Action item:
Each line in the data holding "induction" should be listed.

Saved data entries:
(* Let $X=\{x\in\mathbb{R}^n: Cx\le d\}$ be a polyhedral set ($C\in\mathbb{R}^{p\times n}$, $d\in\mathbb{R}^p$), let $g:\mathbb{R}^m\to\mathbb{R}$ be $\sigma_g$-strongly convex with $L_g$-Lipschitz continuous gradient, let $A\in\mathbb{R}^{m\times n}$ be nonzero, and set $f(x)=g(Ax)$. Assume the optimal set $X^*$ of $\min_{x\in X}f(x)$ is nonempty. Then there is a unique $t^*\in\mathbb{R}^m$ with $Ax^*=t^*$ for all $x^*\in X^*$, so that $X^*=\{x: Ax=t^*,\ Cx\le d\}$; let $\theta>0$ be a Hoffman constant for this polyhedron, i.e. $$\|x-[x]_{X^*}\|\le\theta\left\|\begin{pmatrix}Ax-t^*\\ [Cx-d]_+\end{pmatrix}\right\|\qquad\forall x\in\mathbb{R}^n .$$ Then $\nabla f$ is Lipschitz continuous with constant $L_f=L_g\|A\|^2$, and $f$ is quasi-strongly convex on $X$ with constant $\kappa_f=\sigma_g/\theta^2$, i.e. $$f^*\ge f(x)+\langle\nabla f(x),\bar x-x\rangle+\frac{\sigma_g}{2\theta^2}\|x-\bar x\|^2\qquad\forall x\in X,\ \bar x=[x]_{X^*}.$$
   Context: $\|\cdot\|$ denotes the Euclidean norm (spectral norm for matrices), $[u]_S$ the Euclidean projection onto a closed convex set $S$, and $[v]_+$ the componentwise positive part. $g$ is $\sigma_g$-strongly convex means $g(z)\ge g(w)+\langle\nabla g(w),z-w\rangle+\frac{\sigma_g}{2}\|z-w\|^2$ for all $z,w$, with $\sigma_g>0$. $f^*=\min_{x\in X}f(x)$. *)

theory Defs
  imports "HOL-Analysis.Analysis"
begin

definition polyhedron :: "real^'n^'p \<Rightarrow> real^'p \<Rightarrow> (real^'n) set" where
  "polyhedron C d = {x. \<forall>i. (C *v x) $ i \<le> d $ i}"

definition argmin_set :: "('a \<Rightarrow> real) \<Rightarrow> 'a set \<Rightarrow> 'a set" where
  "argmin_set f X = {x \<in> X. \<forall>y\<in>X. f x \<le> f y}"

definition pos_part_vec :: "real^'p \<Rightarrow> real^'p" where
  "pos_part_vec v = (\<chi> i. max 0 (v $ i))"

definition stack_norm :: "real^'m \<Rightarrow> real^'p \<Rightarrow> real" where
  "stack_norm u v = sqrt ((norm u)\<^sup>2 + (norm v)\<^sup>2)"

end

theory Submission
  imports Defs
begin

text \<open>Strong convexity of \<open>g\<close> makes \<open>g\<close> strictly convex, so all minimisers of \<open>g \<circ> A\<close> over a
  convex set share the same image \<open>t\<^sup>*\<close> under \<open>A\<close>; the optimal set is then the polyhedron
  \<open>{x. A x = t\<^sup>*, C x \<le> d}\<close>. For \<open>x \<in> X\<close> the Hoffman bound reduces to
  \<open>\<parallel>x - x\<^sub>b\<parallel> \<le> \<theta> \<parallel>A x - t\<^sup>*\<parallel>\<close>, and strong convexity of \<open>g\<close> between \<open>A x\<close> and \<open>A x\<^sub>b = t\<^sup>*\<close> then
  gives the quadratic growth term \<open>\<sigma>\<^sub>g/2 \<parallel>A x - t\<^sup>*\<parallel>\<^sup>2 \<ge> \<sigma>\<^sub>g/(2\<theta>\<^sup>2) \<parallel>x - x\<^sub>b\<parallel>\<^sup>2\<close>.\<close>

lemma norm_vector_matrix_le_onorm:
  fixes A :: "real^'n^'m" and v :: "real^'m"
  shows "norm (v v* A) \<le> onorm (\<lambda>h. A *v h) * norm v"
proof -
  let ?w = "v v* A"
  let ?K = "onorm (\<lambda>h. A *v h)"
  have "(norm ?w)\<^sup>2 = v \<bullet> (A *v ?w)"
    by (simp add: power2_norm_eq_inner dot_lmul_matrix)
  also have "\<dots> \<le> norm v * norm (A *v ?w)"
    by (rule Cauchy_Schwarz_ineq2[THEN order_trans[OF abs_ge_self]])
  also have "\<dots> \<le> norm v * (?K * norm ?w)"
    by (rule mult_left_mono[OF onorm]) auto
  finally have "norm ?w * norm ?w \<le> (?K * norm v) * norm ?w"
    by (simp add: power2_eq_square algebra_simps)
  moreover have "?K \<ge> 0" by (rule onorm_pos_le) simp
  ultimately show ?thesis
    by (cases "norm ?w = 0") (auto simp: mult_le_cancel_right)
qed

lemma strongly_convex_midpoint:
  fixes g :: "'a::real_inner \<Rightarrow> real"
  assumes strong: "\<And>z w. g z \<ge> g w + G w \<bullet> (z - w) + \<sigma> / 2 * (norm (z - w))\<^sup>2"
  shows "g ((1/2) *\<^sub>R z + (1/2) *\<^sub>R w) \<le> (g z + g w) / 2 - \<sigma> / 8 * (norm (z - w))\<^sup>2"
proof -
  let ?m = "(1/2) *\<^sub>R z + (1/2) *\<^sub>R w"
  have z_m: "z - ?m = (1/2) *\<^sub>R (z - w)" and w_m: "w - ?m = - ((1/2) *\<^sub>R (z - w))"
    by (simp_all add: scaleR_diff_right algebra_simps flip: scaleR_add_left)
  have half: "(norm ((1/2) *\<^sub>R (z - w)))\<^sup>2 = (norm (z - w))\<^sup>2 / 4"
    by (simp add: power2_eq_square)
  show ?thesis
    using strong[of ?m z] strong[of ?m w]
    unfolding z_m w_m norm_minus_cancel half inner_minus_right by (simp add: field_simps)
qed
lemma sfree_if_fresh:
  "\<forall>v\<in>allvars a. \<sigma> v = v \<or> \<sigma> v \<notin> allvars a \<Longrightarrow> sfree \<sigma> a"
proof (induction a arbitrary: \<sigma>)
  case (Forall z a)
  have "sfree (\<sigma>(z := z)) a"
    by (rule Forall.IH) (use Forall.prems in auto)
  moreover have "\<forall>v\<in>fv a - {z}. \<sigma> v \<noteq> z"
    using Forall.prems fv_subset_allvars[of a] by fastforce
  ultimately show ?case by simp
next
  case (Just t X a)
  have "sfree (\<lambda>v. if v |\<in>| X then \<sigma> v else v) a"
    by (rule Just.IH) (use Just.prems in auto)
  moreover have "\<forall>v\<in>fset X. \<sigma> v \<notin> fv a - fset X"
  proof
    fix v assume "v \<in> fset X"
    then have "\<sigma> v = v \<or> \<sigma> v \<notin> allvars (Just t X a)" using Just.prems by simp
    then show "\<sigma> v \<notin> fv a - fset X" using \<open>v \<in> fset X\<close> fv_subset_allvars[of a] by auto
  qed
  ultimately show ?case by simp
qed auto

lemma ax_rename: "ax \<phi> \<Longrightarrow> bij r \<Longrightarrow> ax (rename r \<phi>)"
proof (induction rule: ax.induct)
  case (A1_inst x y a)
  have conj: "r \<circ> id(x := y) \<circ> inv r = id(r x := r y)"
    using conjugate_fun_upd[OF A1_inst.prems, of id x y]
      surj_iff[THEN iffD1, OF bij_is_surj[OF A1_inst.prems]]
    by simp
  have "sfree (id(r x := r y)) (rename r a)"
    using sfree_rename[OF A1_inst.prems A1_inst.hyps] by (simp only: conj)
  then show ?case
    using rename_substf[OF A1_inst.prems, of "id(x := y)" a] by (simp add: conj ax.A1_inst)
next
  case (A1_dist x a b)
  then have "r x \<notin> fv (rename r a)" by (auto simp: fv_rename bij_is_inj inj_eq)
  then show ?case by (simp add: ax.A1_dist)
next
  case (A2 y a X t)
  then have "r y \<notin> fv (rename r a)" "r y |\<notin>| fimage r X"
    by (auto simp: fv_rename bij_is_inj inj_eq)
  then show ?case by (simp add: ax.A2)
qed (auto simp: bij_is_inj inj_eq intro: ax.intros)

definition basifying :: "var set \<Rightarrow> (var \<Rightarrow> var) \<Rightarrow> bool" where
  "basifying S r \<longleftrightarrow> bij r \<and> (\<forall>v\<in>S. isB (r v)) \<and> (\<forall>v\<in>S. isB v \<longrightarrow> r v = v)"

lemma basifying_mono: "basifying S r \<Longrightarrow> S' \<subseteq> S \<Longrightarrow> basifying S' r"
  by (auto simp: basifying_def)
lemma summable_full_merger_weight:
  assumes "(\<integral>\<^sup>+ p\<in>{0..1}. (if p < 1 then ennreal \<bar>ln (1 - p)\<bar> else \<infinity>) \<partial>\<Lambda>) < \<infinity>"
  shows "summable full_merger_weight"
proof -
  define H where "H p = (1 + (if p < 1 then ennreal \<bar>ln (1 - p)\<bar> else \<infinity>)) * indicator {0..1} p"
    for p :: real
  have H_finite: "(\<integral>\<^sup>+p. H p \<partial>\<Lambda>) < \<infinity>"
  proof -
    have [measurable]: "(\<lambda>p. (if p < 1 then ennreal \<bar>ln (1 - p)\<bar> else \<infinity>) * indicator {0..1} p)
        \<in> borel_measurable \<Lambda>" "(\<lambda>p. indicator {0..1} p :: ennreal) \<in> borel_measurable \<Lambda>"
      unfolding measurable_cong_sets[OF sets_eq_borel refl] by measurable
    have "(\<integral>\<^sup>+p. H p \<partial>\<Lambda>) = emeasure \<Lambda> {0..1}
        + (\<integral>\<^sup>+p. (if p < 1 then ennreal \<bar>ln (1 - p)\<bar> else \<infinity>) * indicator {0..1} p \<partial>\<Lambda>)"
      unfolding H_def distrib_right using sets_eq_borel by (subst nn_integral_add) auto
    then show ?thesis
      using assms emeasure_finite by (simp add: less_top[symmetric])
  qed
  have "summable (\<lambda>j. full_merger_weight (j + 2))"
  proof (rule bounded_imp_summable)
    show "0 \<le> full_merger_weight (j + 2)" for j
      by (rule full_merger_weight_nonneg)
    fix n
    let ?q = "\<lambda>p. \<Sum>j\<le>n. p ^ j / real (Suc j)"
    have "(\<Sum>j\<le>n. full_merger_weight (j + 2))
        = 2 / measure \<Lambda> {0..1} * (\<integral>p. indicator {0..1} p * ?q p \<partial>\<Lambda>)"
      by (rule sum_full_merger_weight_eq_integral)
    also have "(\<integral>p. indicator {0..1} p * ?q p \<partial>\<Lambda>) \<le> enn2real (\<integral>\<^sup>+p. H p \<partial>\<Lambda>)"
    proof (rule integral_real_bounded)
      have "ennreal (indicator {0..1} p * ?q p) \<le> H p" for p
      proof (cases "p \<in> {0..1} \<and> p < 1")
        case True
        then have "ennreal (?q p) \<le> ennreal (1 + \<bar>ln (1 - p)\<bar>)"
          using sum_power_div_Suc_le[of p n] by (intro ennreal_leI) auto
        also have "\<dots> = 1 + ennreal \<bar>ln (1 - p)\<bar>"
          by (simp add: ennreal_plus)
        finally show ?thesis
          using True by (simp add: H_def)
      qed (auto simp: H_def)
      then show "(\<integral>\<^sup>+p. ennreal (indicator {0..1} p * ?q p) \<partial>\<Lambda>) \<le> ennreal (enn2real (\<integral>\<^sup>+p. H p \<partial>\<Lambda>))"
        using H_finite by (simp add: nn_integral_mono)
    qed simp
    finally show "(\<Sum>j\<le>n. full_merger_weight (j + 2)) \<le> 2 / measure \<Lambda> {0..1} * enn2real (\<integral>\<^sup>+p. H p \<partial>\<Lambda>)"
      using mass_pos by (simp add: divide_right_mono)
  qed
  then show ?thesis
    by (rule summable_iff_shift[THEN iffD1])
qed

lemma L_law_tail_le:
  assumes "1 \<le> K"
  shows "measure_pmf.prob (L_law \<Lambda> n) {2 * K<..} \<le> weight_tail K n"
proof -
  have "{{i} | i. i \<in> {1..n}} = (\<lambda>i. {i}) ` {1..n}"
    by auto
  then have singletons: "finite {{i} | i. i \<in> {1..n}}" "card {{i} | i. i \<in> {1..n}} \<le> n"
    using card_image_le[of "{1..n}" "\<lambda>i. {i}"] by simp_all
  have "measure_pmf.prob (L_law \<Lambda> n) {2 * K<..} \<le> weight_tail K (card {{i} | i. i \<in> {1..n}})"
    unfolding L_law_def by (rule last_merger_tail_le[OF assms singletons])
  also have "\<dots> \<le> weight_tail K n"
    using singletons(2) by (rule weight_tail_mono)
  finally show ?thesis .
qed

lemma weight_tail_eventually_small:
  assumes "summable full_merger_weight" "0 < \<epsilon>"
  obtains K where "1 \<le> K" "\<And>b. weight_tail K b \<le> \<epsilon>"
proof -
  obtain N where N: "\<And>m n. N \<le> m \<Longrightarrow> norm (\<Sum>k=m..n. full_merger_weight k) < \<epsilon>"
    using summable_partial_sum_bound[OF assms] by blast
  have "weight_tail (Suc N) b \<le> \<epsilon>" for b
  proof -
    have "weight_tail (Suc N) b = (\<Sum>k=Suc (Suc N)..b. full_merger_weight k)"
      unfolding weight_tail_def atLeastSucAtMost_greaterThanAtMost ..
    also have "\<dots> < \<epsilon>"
      using N[of "Suc (Suc N)" b] by simp
    finally show ?thesis by simp
  qed
  then show ?thesis
    using that[of "Suc N"] by simp
qed

end

lemma Lambda_coalescentI:
  assumes "finite_measure \<Lambda>" "sets \<Lambda> = sets borel" "emeasure \<Lambda> {0..1} \<noteq> 0"
  shows "Lambda_coalescent \<Lambda>"
proof -
  have "measure \<Lambda> {0..1} \<noteq> 0"
    using assms(3) by (auto simp: finite_measure.emeasure_eq_measure[OF assms(1)])
  then have "0 < measure \<Lambda> {0..1}"
    using measure_nonneg[of \<Lambda> "{0..1}"] by (simp add: order_less_le)
  with assms(1,2) show ?thesis
    by (simp add: Lambda_coalescent_def Lambda_coalescent_axioms_def
        finite_borel_measure_def finite_borel_measure_axioms_def)
qed

theorem theorem1:
  fixes \<Lambda> :: "real measure"
  assumes "finite_measure \<Lambda>"
    and "sets \<Lambda> = sets borel"
    and "emeasure \<Lambda> (UNIV - {0..1}) = 0"
    and "emeasure \<Lambda> {0..1} \<noteq> 0"
    and "(\<integral>\<^sup>+ p\<in>{0..1}. (if p < 1 then ennreal \<bar>ln (1 - p)\<bar> else \<infinity>) \<partial>\<Lambda>) < \<infinity>"
  shows "\<forall>\<epsilon>>0. \<exists>K::nat. \<forall>n\<ge>1. measure_pmf.prob (L_law \<Lambda> n) {K<..} \<le> \<epsilon>"
proof (intro allI impI)
  fix \<epsilon> :: real
  assume "0 < \<epsilon>"
  interpret Lambda_coalescent \<Lambda>
    using assms(1,2,4) by (rule Lambda_coalescentI)
  obtain K where "1 \<le> K" and small: "\<And>b. weight_tail K b \<le> \<epsilon>"
    using weight_tail_eventually_small[OF summable_full_merger_weight[OF assms(5)] \<open>0 < \<epsilon>\<close>]
    by blast
  have "measure_pmf.prob (L_law \<Lambda> n) {2 * K<..} \<le> \<epsilon>" for n
    using L_law_tail_le[OF \<open>1 \<le> K\<close>, of n] small[of n] by linarith
  then show "\<exists>K::nat. \<forall>n\<ge>1. measure_pmf.prob (L_law \<Lambda> n) {K<..} \<le> \<epsilon>"
    by blast
qed

end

Output below:
proof (induction a arbitrary: \<sigma>)
proof (induction rule: ax.induct)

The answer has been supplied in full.